Поездка в село Константиново на родину С. Есенина
Меня иногда спрашивают, какое место в моей жизни, жизни рабочего человека, занимает поэзия. Я думаю, ищу ответ, и на намять приходят первые послевоенные годы, мое детство. К нам в деревню мужчин с войны вернулось мало, а работы невпроворот. Техника кое-какая. И не своя. Сеялку и молотилку брали на время из соседнего совхоза, да еще за них отрабатывали на совхозных полях: пропалывали огурцы, морковь.
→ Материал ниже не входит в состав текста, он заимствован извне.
definition cross_intersecting :: "'a set set \<Rightarrow> 'a set set \<Rightarrow> bool" where
  "cross_intersecting U V \<longleftrightarrow> (\<forall>x\<in>U. \<forall>y\<in>V. x \<inter> y \<noteq> {})"

end

theory Submission
  imports Defs "HOL-Analysis.Analysis"
begin

text \<open>Induction on \<open>n\<close>, following the pair \<open>(\<mu>\<^sub>1(U\<^sub>1), \<mu>\<^sub>2(U\<^sub>2))\<close>. Splitting both
  families at the last coordinate \<open>m\<close> writes each measure as the convex combination
  \<open>(1 - p\<^sub>i m) \<mu>\<^sub>i(deletion) + p\<^sub>i m \<mu>\<^sub>i(link)\<close>, and the pairs (deletion, deletion),
  (deletion, link), (link, deletion) are again cross-intersecting. It therefore suffices to
  find a region of \<open>[0,1]\<^sup>2\<close> that contains \<open>(0,0)\<close>, \<open>(0,1)\<close>, \<open>(1,0)\<close>, is closed under
  this combination for weights at most \<open>p\<^sub>1\<close> resp. \<open>p\<^sub>2\<close>, and on which \<open>x y \<le> p\<^sub>1 p\<^sub>2\<close>.
  With \<open>\<alpha>, \<beta>\<close> chosen so that \<open>(1 - p\<^sub>1)\<^sup>\<alpha> = p\<^sub>2\<close> and \<open>(1 - p\<^sub>2)\<^sup>\<beta> = p\<^sub>1\<close>, the region
  \<open>y \<le> (1 - x)\<^sup>\<alpha>\<close>, \<open>x \<le> (1 - y)\<^sup>\<beta>\<close>, and \<open>y \<le> p\<^sub>2 + (1 - p\<^sub>2)(1 - x/p\<^sub>1)\<^sup>\<alpha>\<close> for \<open>x < p\<^sub>1\<close>
  does the job: closure comes from convexity of \<open>t \<mapsto> t\<^sup>\<alpha>\<close>, and the product bound from
  maximising \<open>(1 - z) z\<^sup>g\<close>.\<close>

lemma bernoulli_powr_ge:
  fixes r x :: real
  assumes "1 \<le> r" "-1 \<le> x"
  shows "1 + r * x \<le> (1 + x) powr r"
proof (cases "x = -1")
  case True
  then show ?thesis using assms by simp
next
  case False
  have "r * ((1 + x) - 1) \<le> (1 + x) powr r - 1 powr r"
    using assms False
    by (intro convex_on_imp_above_tangent[OF powr_convex[OF assms(1)]])
       (auto intro!: derivative_eq_intros simp: interior_open)
  then show ?thesis by simp
qed

lemma bernoulli_powr_le:
  fixes r x :: real
  assumes "0 \<le> r" "r \<le> 1" "-1 \<le> x"
  shows "(1 + x) powr r \<le> 1 + r * x"
proof (cases "r = 0")
  case True
  then show ?thesis by simp
next
  case False
  define y where "y = (1 + x) powr r - 1"
  have "1 + (1 / r) * y \<le> (1 + y) powr (1 / r)"
    using assms False by (intro bernoulli_powr_ge) (auto simp: y_def)
  also have "\<dots> = 1 + x"
    using assms False by (simp add: y_def powr_powr)
  finally have "y \<le> r * x"
    using assms False by (simp add: field_simps)
  then show ?thesis by (simp add: y_def)
qed

lemma powr_increment_mono:
  fixes g x y d :: real
  assumes "1 \<le> g" "0 \<le> x" "x \<le> y" "0 \<le> d"
  shows "(x + d) powr g - x powr g \<le> (y + d) powr g - y powr g"
proof -
  let ?h = "\<lambda>t. (t + d) powr g - t powr g"
  have "?h x \<le> ?h y"
  proof (rule DERIV_nonneg_imp_increasing_open[OF \<open>x \<le> y\<close>])
    fix t assume t: "x < t" "t < y"
    then have "0 < t" using assms by linarith
    then have "DERIV ?h t :> g * ((t + d) powr (g - 1) - t powr (g - 1))"
      using assms by (auto intro!: derivative_eq_intros simp: right_diff_distrib)
    moreover have "t powr (g - 1) \<le> (t + d) powr (g - 1)"
      using \<open>0 < t\<close> assms by (intro powr_mono2) auto
    ultimately show "\<exists>y. DERIV ?h t :> y \<and> 0 \<le> y"
      using assms by force
  next
    show "continuous_on {x..y} ?h"
      using assms by (intro continuous_intros continuous_on_powr') auto
  qed
  then show ?thesis by simp
qed

lemma powr_superadditive:
  fixes g x d :: real
  assumes "1 \<le> g" "0 \<le> x" "0 \<le> d"
  shows "x powr g + d powr g \<le> (x + d) powr g"
  using powr_increment_mono[of g 0 x d] assms by (simp add: add.commute)

text \<open>Writing \<open>q = c powr g\<close> with \<open>c \<le> 1 - p\<close>, the left-hand side is \<open>U powr g\<close> plus the
  increment of \<open>t powr g\<close> over \<open>[c * U, c * V]\<close>, which is at most its increment over
  \<open>[U, U + c * (V - U)]\<close>.\<close>
lemma powr_weighted_mean_le:
  fixes g U V p q :: real
  assumes g: "1 \<le> g" and U: "0 \<le> U" "U \<le> V" and p: "0 \<le> p" "p \<le> 1"
    and q: "0 \<le> q" "q \<le> (1 - p) powr g"
  shows "(1 - q) * U powr g + q * V powr g \<le> ((1 - p) * V + p * U) powr g"
proof -
  define c where "c = q powr (1 / g)"
  have c0: "0 \<le> c" by (simp add: c_def)
  have cg: "c powr g = q" using q g by (simp add: c_def powr_powr)
  have "c \<le> ((1 - p) powr g) powr (1 / g)"
    unfolding c_def using q g by (intro powr_mono2) auto
  also have "\<dots> = 1 - p" using p g by (simp add: powr_powr)
  finally have c1: "c \<le> 1 - p" .
  have "(c * U + c * (V - U)) powr g - (c * U) powr g \<le> (U + c * (V - U)) powr g - U powr g"
    using c0 c1 U p g by (intro powr_increment_mono) (auto simp: mult_left_le_one_le)
  also have "c * U + c * (V - U) = c * V" by (simp add: algebra_simps)
  finally have "q * V powr g - q * U powr g \<le> (U + c * (V - U)) powr g - U powr g"
    using c0 U cg by (simp add: powr_mult)
  moreover have "(U + c * (V - U)) powr g \<le> ((1 - p) * V + p * U) powr g"
  proof (rule powr_mono2)
    show "0 \<le> U + c * (V - U)" using c0 U by simp
    have "c * (V - U) \<le> (1 - p) * (V - U)" using c1 U by (intro mult_right_mono) auto
    then show "U + c * (V - U) \<le> (1 - p) * V + p * U" by (simp add: algebra_simps)
  qed (use g in auto)
  ultimately show ?thesis by (simp add: algebra_simps)
qed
Из МТС приходил старый, истрепанный тракторишко. О стогометателе и комбайне только мечтали. Вся работа вручную. Каким испытанием легло на плечи женщин то время — и сказать трудно. Не потому ли и называли их в ту пору «двужильными». В каждой избе — пятеро, трое… И надо каждый день бежать в поле — с утра до позднего вечера женщины наши не разгибали спины. Казалось, какие тут радости? До них ли? Но нет. Как ни трудно приходилось, они не расставались с песнями, шутками. Друг друга подзадоривали. И работа спорилась. Наверное, каждая понимала: слезами нужду с плеч не скинуть.
Никогда не забуду один летний вечер. Садилось солнце, горел огненно-красный закат. И вдруг я услышал песню. Она начиналась где-то на краю деревни, за околицей. Плавная и величественная. Постепенно приближался ее напев. Пели женщины, идущие с жатвы. Удивительная картина: с серпами на плечах, в пестрых одеяниях, шли они медленно и торжественно, словно после праздника, а не после тяжелого труда. Я спросил одну пожилую женщину, отчего она поет. Она ответила: «Один раз на земле живем».
В длинные зимние вечера при тусклом свете, когда мать что-нибудь ушивала или переделывала из одежды, мы, дети, часто слушали, как она вполголоса напевала:
… «До свиданья», — милый скажет,
А на сердце камень ляжет…
В такие минуты ко мне приходило непонятное, неизъяснимое чувство, и я не мог сдержать слез. Забирался тайком в заднюю комнату и слушал. То были песни о недолгой счастливой любви и вечной разлуке (когда отца не стало, матери было 33 года).
По праздникам мать пекла пироги с картошкой и луком, вишнями и черной смородиной. Ставила на стол попыхивающий самовар. Тогда же появлялась у нас музыка. Патефон. Пластинки Ковалевой, Руслановой, Шульженко и другие. Я думал, что поют настоящие люди там, внутри патефона. Однажды, оставшись в избе один, я вскрыл патефон и разобрал до последнего винтика. И был крайне огорчен и вместе с тем до невероятности испуган, когда из барабана с пронзительным визгом вылетела пружина. Это было последнее. Больше нечего было разбирать. И так мне было досадно и обидно не за то, что мне влетело, а за то, что там никого не оказалось!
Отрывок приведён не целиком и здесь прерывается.